В поставленной через шесть лет после премьеры «Жизни за царя» «пушкинской» опере Глинки - «Руслане и Людмиле» арий и ансамблей больше, чем хоровых страниц; хотя и тут есть отложенная свадьба, и тут- почти не поющий государь, и тут - народный герой, вступающий в схватку с неправедной силой. Но эпос «Руслана и Людмилы» сказочный. А всякая сказка соотносится с сакральным мифом как его снижение, травестия7. В ключевых моментах музыкальной драматургии «Руслан» - травестия «Жизни за царя». Вот почему Руслан демонстрирует героизм не в заснеженном лесу в виду дремлющих врагов, а на ровном поле перед бутафорской гигантской головой; вот почему противник Руслана Фарлаф изъясняется комической скороговоркой (имеется в виду знаме­нитая каватина Фарлафа «Близится час торжества моего» - попробуйте хотя бы не спеть, а проговорить это в быстром темпе); вот почему в стане Черномора танцуют не мазурку и полонез, а шагают под условно-варварский марш, напоминающий не то моцартовских янычар, не то скоморошьих кукольных турок. И вот почему опера в целом - не сквозная симфоническая драма, а блестящий, разнообразный, изобре­тательный «концерт в костюмах», с массой сценических эффектов, с танцующими гаремами и сражающимися чародеями. И с изумительно ясной, пластичной,

108

уравновешенно-стройной, абсолютно автономной, никак идейно не ангажированной музыкой. ...«Форма - это красота» - сказано как будто применительно к «Руслану и Людмиле». Но тогда знаменитый «формалистический» афоризм первого русского классика следует понимать как травестию другого его афоризма, «содержатель­ного»: «Музыку создает народ...», - афоризма, будто предназначенно­го для объяснения замысла «Жизни за царя».

Травестия всегда заостряет, поскольку пародирует. Исторически реальное в «Жизни за царя» противопоставление «своего» (правос­лавно-народно-государственного) «чужому» (иноверскому, агрес­сивному, связанному со смутой), русского - польскому, монумен­тально-хорового - суетно-балетному, в «Руслане и Людмиле» превра­щается в мифологизированное и потому универсальное сопоставле­ние «Руси» и «Тридевятого царства» - не то Кавказа (в садах Черномора танцуют лезгинку), не то Востока вообще (в опере звучат еще персидский хор, арабский и турецкий танцы), не то (или также) балтийского Запада (в галерее волшебников «Руслана и Людмилы» состоит еще и добрый Финн, покровительствующий русскому богаты­рю8).

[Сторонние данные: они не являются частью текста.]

lemma bernstein_space_deriv_bounded_on_reals:
  assumes "g \<in> bernstein_space \<rho>"
  obtains M where "0 \<le> M" "\<And>z. Im z = 0 \<Longrightarrow> norm (deriv g z) \<le> M"
proof -
  have holo: "g holomorphic_on UNIV"
    using assms by (simp add: bernstein_space_def)
  obtain C where "0 < C" and C: "\<And>z. norm (g z) \<le> C * exp (\<rho> * \<bar>Im z\<bar>)"
    using assms by (auto simp: bernstein_space_def)
  have "norm (deriv g z) \<le> C * exp \<bar>\<rho>\<bar>" if "Im z = 0" for z
  proof -
    have "norm ((deriv ^^ 1) g z) \<le> fact 1 * (C * exp \<bar>\<rho>\<bar>) / 1 ^ 1"
    proof (rule Cauchy_inequality)
      show "g holomorphic_on ball z 1" "continuous_on (cball z 1) g"
        using holo holomorphic_on_subset holomorphic_on_imp_continuous_on by blast+
      fix y assume "norm (z - y) = 1"
      then have "\<bar>Im y\<bar> \<le> 1"
        using abs_Im_le_cmod[of "z - y"] that by simp
      then have "\<rho> * \<bar>Im y\<bar> \<le> \<bar>\<rho>\<bar>"
        using mult_right_mono[OF abs_ge_self[of \<rho>] abs_ge_zero[of "Im y"]] mult_left_le[of "\<bar>Im y\<bar>" "\<bar>\<rho>\<bar>"]
        by linarith
      then have "C * exp (\<rho> * \<bar>Im y\<bar>) \<le> C * exp \<bar>\<rho>\<bar>"
        using \<open>0 < C\<close> by simp
      with C[of y] show "norm (g y) \<le> C * exp \<bar>\<rho>\<bar>"
        by linarith
    qed simp
    then show ?thesis
      by simp
  qed
  with \<open>0 < C\<close> show ?thesis
    using that[of "C * exp \<bar>\<rho>\<bar>"] by simp
qed

lemma bernstein_space_lipschitz_on_reals:
  assumes "g \<in> bernstein_space \<rho>"
  obtains M where "0 \<le> M" "\<And>x y. norm (g (of_real x) - g (of_real y)) \<le> M * \<bar>x - y\<bar>"
proof -
  have holo: "g holomorphic_on UNIV"
    using assms by (simp add: bernstein_space_def)
  obtain M where "0 \<le> M" and M: "\<And>z. Im z = 0 \<Longrightarrow> norm (deriv g z) \<le> M"
    using bernstein_space_deriv_bounded_on_reals[OF assms] by blast
  have "norm (g (of_real x) - g (of_real y)) \<le> M * \<bar>x - y\<bar>" for x y
  proof -
    have "norm (g (of_real x) - g (of_real y)) \<le> M * norm (complex_of_real x - of_real y)"
    proof (rule field_differentiable_bound[of "closed_segment (of_real y) (of_real x)" g "deriv g"])
      show "(g has_field_derivative deriv g z) (at z within closed_segment (of_real y) (of_real x))" for z
        using holo by (intro holomorphic_derivI) auto
      show "norm (deriv g z) \<le> M" if "z \<in> closed_segment (of_real y) (of_real x)" for z
        using that M by (auto simp: closed_segment_same_Im)
    qed auto
    then show ?thesis
      by (simp flip: of_real_diff)
  qed
  with \<open>0 \<le> M\<close> show ?thesis
    using that by blast
qed

lemma bernstein_space_samples_decay:
  assumes "g \<in> bernstein_space \<rho>" and "0 \<le> C"
    and perturbation: "\<And>n. \<bar>a n\<bar> \<le> C' * r ^ nat \<bar>n\<bar>"
    and near_zero: "\<And>n. norm (g (of_real (real_of_int n + a n))) \<le> C * \<bar>a n\<bar>"
  obtains L where "\<And>n::int. norm (g (of_int n)) \<le> L * r ^ nat \<bar>n\<bar>"
proof -
  obtain M where "0 \<le> M" and lipschitz: "\<And>x y. norm (g (of_real x) - g (of_real y)) \<le> M * \<bar>x - y\<bar>"
    using bernstein_space_lipschitz_on_reals[OF assms(1)] by blast
  have "norm (g (of_int n)) \<le> (C + M) * C' * r ^ nat \<bar>n\<bar>" for n
  proof -
    have "norm (g (of_int n) - g (of_real (real_of_int n + a n))) \<le> M * \<bar>a n\<bar>"
      using lipschitz[of "real_of_int n" "real_of_int n + a n"] by simp
    then have "norm (g (of_int n)) \<le> norm (g (of_real (real_of_int n + a n))) + M * \<bar>a n\<bar>"
      using norm_triangle_sub[of "g (of_int n)" "g (of_real (real_of_int n + a n))"] by linarith
    also have "\<dots> \<le> (C + M) * \<bar>a n\<bar>"
      using near_zero[of n] by (simp add: distrib_right)
    also have "\<dots> \<le> (C + M) * (C' * r ^ nat \<bar>n\<bar>)"
      using perturbation[of n] \<open>0 \<le> C\<close> \<open>0 \<le> M\<close> by (intro mult_left_mono) auto
    finally show ?thesis
      by (simp add: mult.assoc)
  qed
  then show ?thesis
    using that by blast
qed

lemma bernstein_space_mult_sinc_squared_decay:
  assumes "g \<in> bernstein_space \<rho>" "0 < \<epsilon>"
  obtains K where "0 \<le> K"
    "\<And>z. z \<noteq> 0 \<Longrightarrow> norm (g z * sinc (of_real \<epsilon> * z) ^ 2) \<le> K * exp ((\<rho> + 2 * \<epsilon>) * \<bar>Im z\<bar>) / (norm z)^2"
proof -
  obtain C where "0 < C" and C: "\<And>z. norm (g z) \<le> C * exp (\<rho> * \<bar>Im z\<bar>)"
    using assms by (auto simp: bernstein_space_def)
  have "norm (g z * sinc (of_real \<epsilon> * z) ^ 2) \<le> C / \<epsilon>^2 * exp ((\<rho> + 2 * \<epsilon>) * \<bar>Im z\<bar>) / (norm z)^2"
    if "z \<noteq> 0" for z
  proof -
    have "norm (sinc (of_real \<epsilon> * z)) \<le> exp (\<epsilon> * \<bar>Im z\<bar>) / (\<epsilon> * norm z)"
      using norm_sinc_le[of "of_real \<epsilon> * z"] that \<open>0 < \<epsilon>\<close> by (simp add: norm_mult abs_mult)
    then have "norm (g z * sinc (of_real \<epsilon> * z) ^ 2)
                 \<le> C * exp (\<rho> * \<bar>Im z\<bar>) * (exp (\<epsilon> * \<bar>Im z\<bar>) / (\<epsilon> * norm z)) ^ 2"
      unfolding norm_mult norm_power using C \<open>0 < C\<close> by (intro mult_mono power_mono) auto
    also have "\<dots> = C / \<epsilon>^2 * exp ((\<rho> + 2 * \<epsilon>) * \<bar>Im z\<bar>) / (norm z)^2"
      using \<open>0 < \<epsilon>\<close> that
      by (simp add: power2_eq_square field_simps exp_add[symmetric])
    finally show ?thesis .
  qed
  moreover have "0 \<le> C / \<epsilon>^2"
    using \<open>0 < C\<close> by simp
  ultimately show ?thesis
    using that by blast
qed

lemma entire_eq_0_if_eq_0_off_reals:
  assumes "g holomorphic_on UNIV" and "\<And>z. Im z \<noteq> 0 \<Longrightarrow> g z = 0"
  shows "g z = 0"
proof (rule analytic_continuation[OF assms(1) open_UNIV connected_UNIV])
  show "\<i> islimpt {z. 0 < Im z}"
    using open_halfspace_Im_gt by (intro interior_limit_point) (simp add: interior_open)
qed (use assms(2) in auto)

theorem lemma4p3:
  fixes a :: "int \<Rightarrow> real" and C' r \<rho> C :: real and g :: "complex \<Rightarrow> complex"
  assumes "C' > 0" and "0 < r" and "r < 1"
    and "\<And>n. a n \<noteq> 0"
    and "\<And>n. \<bar>a n\<bar> \<le> C' * r ^ nat \<bar>n\<bar>"
    and "0 < \<rho>" and "\<rho> < pi"
    and "g \<in> bernstein_space \<rho>"
    and "C > 0"
    and "\<And>n. norm (g (of_real (real_of_int n + a n))) \<le> C * \<bar>a n\<bar>"
  shows "\<forall>z. g z = 0"
proof -
  have holo: "g holomorphic_on UNIV"
    using assms(8) by (simp add: bernstein_space_def)
  obtain L where samples: "\<And>n::int. norm (g (of_int n)) \<le> L * r ^ nat \<bar>n\<bar>"
    using bernstein_space_samples_decay[OF assms(8) _ assms(5,10)] assms(9) by force
  define \<epsilon> where "\<epsilon> = (pi - \<rho>) / 4"
  define f where "f z = g z * sinc (of_real \<epsilon> * z) ^ 2" for z
  have "0 < \<epsilon>" "\<rho> + 2 * \<epsilon> < pi"
    using assms(7) by (simp_all add: \<epsilon>_def field_simps)
  obtain K where "0 \<le> K" and decay: "\<And>z. z \<noteq> 0 \<Longrightarrow> norm (f z) \<le> K * exp ((\<rho> + 2 * \<epsilon>) * \<bar>Im z\<bar>) / (norm z)^2"
    unfolding f_def using bernstein_space_mult_sinc_squared_decay[OF assms(8) \<open>0 < \<epsilon>\<close>] by blast
  have "norm (f (of_int n)) \<le> norm (g (of_int n))" for n :: int
    using norm_sinc_of_real_le_1[of "\<epsilon> * of_int n"]
    by (simp add: f_def norm_mult norm_power mult_left_le power_le_one)
  then have "norm (f (of_int n)) \<le> L * r ^ nat \<bar>n\<bar>" for n :: int
    using samples[of n] by (meson order.trans)
  moreover have "f holomorphic_on UNIV"
    unfolding f_def by (intro holomorphic_intros holo)
  ultimately have f_eq_0: "f z = 0" for z
    using eq_0_if_samples_decay_exponentially[OF _ decay \<open>0 \<le> K\<close> \<open>\<rho> + 2 * \<epsilon> < pi\<close>] assms(2,3) by blast
  have "g z = 0" if "Im z \<noteq> 0" for z
    using f_eq_0[of z] sinc_neq_0_if_Im_neq_0[of "of_real \<epsilon> * z"] that \<open>0 < \<epsilon>\<close> by (simp add: f_def)
  then show ?thesis
    using entire_eq_0_if_eq_0_off_reals[OF holo] by blast
qed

Отработанное Глинкой сопоставление «своего-чужого» создало одну из констант русской музыки: интерес к музыкальному «иноязычию». «Польское» в «Жизни за царя» блестяще, прекрасно и враждебно. «Черноморское» и вообще «волшебное» в «Руслане и Людмиле» тоже отчасти враждебно, но понарошку, по-сказочному, что позволяет сполна наслаждаться его своеобычностью, проникаться «чужим» как «своим».

В «Руслане» выходит на первый план, хотя и в наивно-игривой подаче, тема Руси как геополитического (или, лучше, - «геодуховного») посредника между Востоком и Западом. На первом плане эта идея находится также в симфоническом наследии Глинки.